Não duvido disso e não duvido que muitos professores o façam, eu mesma já fiz
isso diversas vezes. Mas se for para que eles pesquisem um tema no Google,
digitem um trabalho, vejam um filme ou vídeo e façam a respeito uma atividade
posterior eu, Divina, não consigo ver necessidade da sala de vídeo ou da sala
de informática. Posso muito bem pedir que façam essas coisas em casa, ou onde
quiserem usando o computador que têm na mão. Ou que venham à escola no
contraturno, ou seja, fora do horário de aula e, com um professor orientador,
faça suas pesquisas. Claro que, para isso, teria que ter o professor orientador
na sala de informática, da mesma forma que na biblioteca tem que ter um
professor bibliotecário. Para mim, isso seria uma necessidade, principalmente
nas escolas de periferia onde nem todos os alunos têm um computador de mão
capaz de ajudá-los.
Esse ano, com meus
alunos do Terceiro Ano do Ensino Médio e meus alunos do Nono Ano, trabalhei
mais de um tema com atividades que exigiam pesquisa usando as “novas tecnologias”

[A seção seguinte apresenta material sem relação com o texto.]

theorem AE_absolutely_continuous_or_AE_singular:
  "(AE a in L. absolutely_continuous lborel (\<mu> a)) \<or> (AE a in L. singular_lebesgue (\<mu> a))"
proof -
  define c where "c = integral\<^sup>L L singular_weight"
  have c: "AE a in L. a \<in> space L \<and> singular_weight a = c"
    unfolding c_def using AE_singular_weight_eq_expectation by (auto elim: eventually_mono)
  then have "c = 0 \<or> c = 1"
    by (intro singular_weight_const_eq_0_or_1) (auto elim: eventually_mono)
  then show ?thesis
  proof
    assume "c = 0"
    with c have "AE a in L. a \<in> space L \<and> singular_weight a = 0" by simp
    then have "AE a in L. absolutely_continuous lborel (\<mu> a)"
      by eventually_elim
        (simp add: absolutely_continuous_if_singular_mass_eq_0 singular_mass_random_measure)
    then show ?thesis ..
  next
    assume "c = 1"
    with c have "AE a in L. a \<in> space L \<and> singular_weight a = 1" by simp
    then have "AE a in L. singular_lebesgue (\<mu> a)"
      by eventually_elim
        (simp add: singular_lebesgue_if_singular_mass_eq_1 singular_mass_random_measure
          prob_space_random_measure)
    then show ?thesis ..
  qed
qed

end

theorem proposition2p3:
  fixes l :: nat and eta :: "real pmf" and lam :: real
  assumes "l \<ge> 2"
    and "finite (set_pmf eta)"
    and "0 < lam" and "lam < 1"
  shows "(AE a in label_space l eta. absolutely_continuous lborel (random_measure l lam a))
       \<or> (AE a in label_space l eta. singular_lebesgue (random_measure l lam a))"
proof -
  interpret random_self_similar_measure l eta lam
    using assms by unfold_locales
  show ?thesis by (rule AE_absolutely_continuous_or_AE_singular)
qed

end
lemma laplace_exponential_measure:
  fixes w :: complex
  assumes l: "l > 0" and w: "Re w \<ge> 0"
  shows "(\<integral>x. exp (- w * of_real x) \<partial>exponential_measure l) = of_real l / (w + of_real l)"
proof -
  have einterval: "einterval 0 \<infinity> = {0::real<..}"
    by (metis einterval_eq_Ici zero_ereal_def)
  have "(\<integral>x. exp (- w * of_real x) \<partial>exponential_measure l)
      = (\<integral>x. exponential_density l x *\<^sub>R exp (- w * of_real x) \<partial>lborel)"
    by (rule integral_density) (auto simp: exponential_density_nonneg[OF l])
  also have "\<dots> = (\<integral>x. of_real l * (indicator (einterval 0 \<infinity>) x *\<^sub>R exp (- (w + of_real l) * of_real x)) \<partial>lborel)"
  proof (rule integral_cong_AE)
    show "AE x in lborel. exponential_density l x *\<^sub>R exp (- w * of_real x)
        = of_real l * (indicator (einterval 0 \<infinity>) x *\<^sub>R exp (- (w + of_real l) * of_real x))"
      using AE_lborel_singleton[of "0::real"]
      by eventually_elim
         (auto simp: exponential_density_def indicator_def scaleR_conv_of_real einterval
            exp_of_real[symmetric] exp_add[symmetric] algebra_simps)
  qed auto
  also have "\<dots> = of_real l * (\<integral>x. indicator (einterval 0 \<infinity>) x *\<^sub>R exp (- (w + of_real l) * of_real x) \<partial>lborel)"
    by (rule integral_mult_right_zero)
  also have "\<dots> = of_real l * (LBINT x=0..\<infinity>. exp (- (w + of_real l) * of_real x))"
    by (simp add: interval_lebesgue_integral_def set_lebesgue_integral_def)
  also have "\<dots> = of_real l / (w + of_real l)"
    using l w by (subst interval_integral_exp_neg_complex) auto
  finally show ?thesis .
qed

text \<open>Laplace weights of the two outcomes of a race between exponential clocks ringing at times
  a and d.  They are cut off outside the nonnegative quadrant, a null set, so that they are
  bounded.\<close>

definition race_first :: "complex \<Rightarrow> real \<Rightarrow> real \<Rightarrow> complex" where
  "race_first s a d = (if 0 \<le> a \<and> a < d then exp (- s * of_real a) else 0)"

definition race_second :: "complex \<Rightarrow> real \<Rightarrow> real \<Rightarrow> complex" where
  "race_second s a d = (if 0 \<le> d \<and> d \<le> a then exp (- s * of_real d) else 0)"

lemma measurable_race_first[measurable]:
  "case_prod (race_first s) \<in> borel_measurable (borel \<Otimes>\<^sub>M borel)"
  unfolding race_first_def[abs_def] by measurable

lemma measurable_race_second[measurable]:
  "case_prod (race_second s) \<in> borel_measurable (borel \<Otimes>\<^sub>M borel)"
  unfolding race_second_def[abs_def] by measurable

lemma norm_race_le_1:
  assumes "Re s \<ge> 0"
  shows "norm (race_first s a d) \<le> 1" "norm (race_second s a d) \<le> 1"
  using assms by (auto simp: race_first_def race_second_def norm_exp_eq_Re)

lemma integral_race_first:
  fixes s :: complex
  assumes \<alpha>: "\<alpha> > 0" and \<beta>: "\<beta> > 0" and s: "Re s \<ge> 0"
  shows "(\<integral>a. \<integral>d. race_first s a d \<partial>exponential_measure \<beta> \<partial>exponential_measure \<alpha>)
       = of_real \<alpha> / (s + of_real \<alpha> + of_real \<beta>)"
proof -
  interpret B: prob_space "exponential_measure \<beta>" by (rule prob_space_exponential_density[OF \<beta>])
  have inner: "(\<integral>d. race_first s a d \<partial>exponential_measure \<beta>) = exp (- (s + of_real \<beta>) * of_real a)"
    if "a \<ge> 0" for a
    using integral_exponential_measure_if_greater[OF \<beta> that, of "exp (- s * of_real a)"] that
    by (simp add: race_first_def scaleR_conv_of_real exp_of_real[symmetric] exp_add[symmetric]
        algebra_simps)
  have "(\<integral>a. \<integral>d. race_first s a d \<partial>exponential_measure \<beta> \<partial>exponential_measure \<alpha>)
      = (\<integral>a. exp (- (s + of_real \<beta>) * of_real a) \<partial>exponential_measure \<alpha>)"
  proof (rule integral_cong_AE)
    show "AE a in exponential_measure \<alpha>.
        (\<integral>d. race_first s a d \<partial>exponential_measure \<beta>) = exp (- (s + of_real \<beta>) * of_real a)"
      using AE_exponential_measure[where l=\<alpha> and c=0] by eventually_elim (rule inner, simp)
  qed measurable
  also have "\<dots> = of_real \<alpha> / (s + of_real \<alpha> + of_real \<beta>)"
    using \<alpha> \<beta> s by (subst laplace_exponential_measure) (auto simp: add_ac)
  finally show ?thesis .
qed
text \<open>Any totally uniform k1,k2-flow with per-path value f makes f admissible for every cut
  (take n(e) = number of paths through e), so f \<le> c_{k1,k2}(G) = x/2. Conversely, minimality of
  x = c_{k1/2,k2/2}(G) forces every cut S to carry dem_{k1/2,k2/2}(S) units of the floor capacities
  \<lfloor>u_e/x\<rfloor>. Hu's theorem, in the form of two integral single-commodity flows f and g existing
  by Gale's cut criterion, yields integral flows f + g and f - g of values k1 and k2 whose combined
  load is at most twice the floor capacities; decomposing them into paths and giving each path
  flow x/2 respects u.\<close>

section \<open>Simple paths from reachability\<close>

definition step_path :: "('v \<Rightarrow> 'e \<Rightarrow> 'v \<Rightarrow> bool) \<Rightarrow> 'v \<Rightarrow> 'v \<Rightarrow> 'v list \<Rightarrow> 'e list \<Rightarrow> bool" where
  "step_path st s t vs es \<longleftrightarrow> vs \<noteq> [] \<and> hd vs = s \<and> last vs = t \<and> distinct vs \<and>
     length vs = length es + 1 \<and> (\<forall>i<length es. st (vs!i) (es!i) (vs!Suc i))"

definition reach :: "('v \<Rightarrow> 'e \<Rightarrow> 'v \<Rightarrow> bool) \<Rightarrow> 'v \<Rightarrow> 'v set" where
  "reach st s = {w. (\<lambda>a b. \<exists>e. st a e b)\<^sup>*\<^sup>* s w}"

lemma start_in_reach [simp]: "s \<in> reach st s"
  by (simp add: reach_def)

lemma reach_step: "a \<in> reach st s \<Longrightarrow> st a e b \<Longrightarrow> b \<in> reach st s"
  unfolding reach_def by (auto intro: rtranclp.rtrancl_into_rtrancl)

lemma reach_step_path:
  assumes "t \<in> reach st s"
  shows "\<exists>vs es. step_path st s t vs es"
  using assms unfolding reach_def mem_Collect_eq
proof (induction rule: rtranclp_induct)
  case base
  show ?case by (rule exI[of _ "[s]"], rule exI[of _ "[]"]) (simp add: step_path_def)
next
  case (step a b)
  then obtain vs es where p: "step_path st s a vs es" by blast
  from step obtain e where e: "st a e b" by blast
  show ?case
  proof (cases "b \<in> set vs")
    case True
    then obtain i where i: "i < length vs" "vs!i = b" by (auto simp: in_set_conv_nth)
    have "step_path st s b (take (Suc i) vs) (take i es)"
      using p i unfolding step_path_def
      by (auto simp: hd_conv_nth last_conv_nth min_def) (metis le_antisym less_Suc_eq_le)
    then show ?thesis by blast
  next
    case False
    have "step_path st s b (vs @ [b]) (es @ [e])"
      using p False e unfolding step_path_def
      by (auto simp: nth_append last_conv_nth) (metis less_antisym nth_append_length)
    then show ?thesis by blast
  qed
qed

definition joins :: "'e set \<Rightarrow> ('e \<Rightarrow> 'v \<times> 'v) \<Rightarrow> 'v \<Rightarrow> 'e \<Rightarrow> 'v \<Rightarrow> bool" where
  "joins E ends a e b \<longleftrightarrow> e \<in> E \<and> (ends e = (a, b) \<or> ends e = (b, a))"

lemma reach_subset:
  assumes G: "graph V E ends" and s: "s \<in> V" and st: "\<And>a e b. st a e b \<Longrightarrow> joins E ends a e b"
  shows "reach st s \<subseteq> V"
proof
  fix w assume "w \<in> reach st s"
  then show "w \<in> V" unfolding reach_def mem_Collect_eq
  proof (induction rule: rtranclp_induct)
    case base then show ?case using s .
  next
    case (step a b)
    then obtain e where "joins E ends a e b" using st by blast
    then show ?case using G unfolding joins_def graph_def by (metis fst_conv snd_conv)
  qed
qed

lemma joining_step_path:
  assumes p: "step_path st s t vs es" and st: "\<And>a e b. st a e b \<Longrightarrow> joins E ends a e b"
  shows "length vs = length es + 1" "vs!0 = s" "vs!length es = t"
    and "\<forall>i<length es. joins E ends (vs!i) (es!i) (vs!Suc i)"
    and "distinct es"
proof -
  show len: "length vs = length es + 1" and "vs!0 = s" "vs!length es = t"
    using p by (auto simp: step_path_def hd_conv_nth last_conv_nth)
  show steps: "\<forall>i<length es. joins E ends (vs!i) (es!i) (vs!Suc i)"
    using p st by (auto simp: step_path_def)
  have dvs: "distinct vs" using p by (simp add: step_path_def)
  have "i = j" if "i < length es" "j < length es" "es!i = es!j" "i < j" for i j
  proof -
    have "joins E ends (vs!i) (es!i) (vs!Suc i)" "joins E ends (vs!j) (es!j) (vs!Suc j)"
      using steps that by (metis less_trans)+
    then have "vs!i = vs!j \<or> vs!i = vs!Suc j" using that unfolding joins_def by auto
    moreover have "vs!i \<noteq> vs!j" "vs!i \<noteq> vs!Suc j"
      using dvs len that by (auto simp: nth_eq_iff_index_eq)
    ultimately show ?thesis by blast
  qed
  then show "distinct es" unfolding distinct_conv_nth by (metis linorder_neqE_nat)
qed

lemma step_path_is_path:
  assumes G: "graph V E ends" and s: "s \<in> V"
    and st: "\<And>a e b. st a e b \<Longrightarrow> joins E ends a e b"
    and p: "step_path st s t vs es"
  shows "is_path V E ends s t (vs, es)"
proof -
  have "set vs \<subseteq> reach st s"
  proof
    fix v assume "v \<in> set vs"
    then obtain i where i: "i < length vs" "v = vs!i" by (auto simp: in_set_conv_nth)
    have "vs!i \<in> reach st s" if "i < length vs" for i
      using that
    proof (induction i)
      case 0 then show ?case using p by (simp add: step_path_def hd_conv_nth)
    next
      case (Suc i)
      then show ?case using p by (auto simp: step_path_def intro: reach_step)
    qed
    then show "v \<in> reach st s" using i by simp
  qed
  then have "set vs \<subseteq> V" using reach_subset[OF G s st] by blast
  then show ?thesis using p st unfolding is_path_def step_path_def joins_def Let_def by auto
qed

section \<open>Net outflow and path flows\<close>

text \<open>An integral flow assigns each edge a signed amount; positive means from fst (ends e) to
  snd (ends e).\<close>

definition net_out :: "'e set \<Rightarrow> ('e \<Rightarrow> 'v \<times> 'v) \<Rightarrow> ('e \<Rightarrow> int) \<Rightarrow> 'v \<Rightarrow> int" where
  "net_out E ends f v = (\<Sum>e\<in>E. f e * (of_bool (fst (ends e) = v) - of_bool (snd (ends e) = v)))"

lemma net_out_add: "net_out E ends (\<lambda>e. f e + g e) v = net_out E ends f v + net_out E ends g v"
  unfolding net_out_def distrib_right sum.distrib ..

lemma net_out_diff: "net_out E ends (\<lambda>e. f e - g e) v = net_out E ends f v - net_out E ends g v"
  unfolding net_out_def left_diff_distrib sum_subtractf ..

lemma net_out_uminus: "net_out E ends (\<lambda>e. - f e) v = - net_out E ends f v"
  unfolding net_out_def by (simp add: sum_negf)

lemma sum_of_bool_eq: "finite R \<Longrightarrow> (\<Sum>v\<in>R. of_bool (a = v) :: int) = of_bool (a \<in> R)"
  unfolding of_bool_def by (simp add: sum.delta)

lemma sum_net_out:
  assumes "finite E" "finite R"
  shows "(\<Sum>v\<in>R. net_out E ends f v) =
     (\<Sum>e\<in>E. f e * (of_bool (fst (ends e) \<in> R) - of_bool (snd (ends e) \<in> R)))"
proof -
  have "(\<Sum>v\<in>R. net_out E ends f v) =
      (\<Sum>e\<in>E. \<Sum>v\<in>R. f e * (of_bool (fst (ends e) = v) - of_bool (snd (ends e) = v)))"
    unfolding net_out_def by (rule sum.swap)
  also have "\<dots> = (\<Sum>e\<in>E. f e * (of_bool (fst (ends e) \<in> R) - of_bool (snd (ends e) \<in> R)))"
    using assms by (intro sum.cong refl)
      (simp only: sum_distrib_left[symmetric] sum_subtractf sum_of_bool_eq)
  finally show ?thesis .
qed

lemma sum_net_out_V:
  assumes G: "graph V E ends"
  shows "(\<Sum>v\<in>V. net_out E ends f v) = 0"
  using G sum_net_out[of E V ends f] by (simp add: graph_def)

definition dipole :: "'v \<Rightarrow> 'v \<Rightarrow> int \<Rightarrow> 'v \<Rightarrow> int" where
  "dipole s t d v = d * (of_bool (v = s) - of_bool (v = t))"

lemma sum_dipole:
  assumes "finite S"
  shows "(\<Sum>v\<in>S. dipole s t d v) = d * (of_bool (s \<in> S) - of_bool (t \<in> S))"
  using assms sum_of_bool_eq[of S s] sum_of_bool_eq[of S t]
  by (simp add: dipole_def sum_distrib_left[symmetric] sum_subtractf eq_commute)

lemma abs_sum_dipole:
  assumes "finite S" "0 \<le> d"
  shows "\<bar>\<Sum>v\<in>S. dipole s t d v\<bar> = (if separates S s t then d else 0)"
  using assms by (auto simp: sum_dipole separates_def)

definition orient :: "('e \<Rightarrow> 'v \<times> 'v) \<Rightarrow> 'e \<Rightarrow> 'v \<Rightarrow> 'v \<Rightarrow> int" where
  "orient ends e a b = (if ends e = (a, b) then 1 else -1)"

e não os levei à sala de vídeo ou à sala de informática, nem uma vez. Pedi que
encontrassem e ouvissem uma determinada música, passei algumas questões
relacionadas à música e várias dessas questões exigiam pesquisa que podiam
fazer no Google e outros sites. Pedi que digitassem trabalhos feitos por eles e
me enviassem por e-mail para um livro que publicarão no final do ano. Agora,
estou pedindo que encontrem na internet a Declaração Universal dos Direitos
Humanos e pesquisem sobre ela, vou querer a leitura e estudo do texto, vou
recomendar vídeos e vou trabalhar o tema como produção de texto, a ser
posteriormente digitado. E não estou planejando levá-los à sala de vídeo ou à
sala de informática para isso.
Entendo que para alguns
professores, algumas disciplinas e alguns conteúdos, faz todo o sentido usar
essas salas, é também para deixar o espaço para eles que opto por não os usar
desnecessariamente. Entendo que todo professor tem o direito de incluir esse
recurso no seu planejamento e em suas aulas, entendo e defendo com veemência o
direito de cada professor planejar e ministrar suas aulas conforme melhor lhe
parecer. Da mesma forma, entendo que muitos professores usam essas salas mais
por terem sido muitos cobrados para que fizessem isso do que por necessidade
delas. Dentro da sua disciplina, do seu método pedagógico e do seu
planejamento, tenho certeza de que cada professor é soberano e eu, que sou uma
igual e nunca superior, não tenho o desejo nem o direito de dizer que esse
professor está errado e muito menos de questioná-lo ou duvidar de sua
capacidade e de seu profissionalismo. Não é e não tem que ser minha função!
Fico muito “puta da
vida” quando vejo ou ouço aqueles “especialistas em pedagogia” que, se já
entraram em uma sala de aula como professores foi há séculos, fazerem discursos
e até dar os chamados “cursos de capacitação” responsabilizando, cobrando e
criticando os professores, de forma generalizada. Os discursos tão comuns, às
vezes de forma indireta e às vezes muito explícitos, de que nós, professores,
somos todos incompetentes, somos os responsáveis por toda e qualquer
deficiência na educação e somos culpados por todos os índices negativos, que
insistem em aparecer apesar da “maquiagem” que eles tentam fazer. Essas acusações
persistente são o que, de dentro da minha profissão, realmente me deixam
furiosa. Então, não seria eu a cometer essa injustiça contra meus colegas.
O que quero dizer é
apenas que eu posso, e qualquer professor pode, se quiser, não usar as salas de
vídeo e a sala de informática e, mesmo assim, usar as “novas tecnologias” que,
afinal, são apenas ferramentas - como o giz, a lousa, o livro, a caneta - e
que, diga-se de passagem, não são tão “novas tecnologias” assim!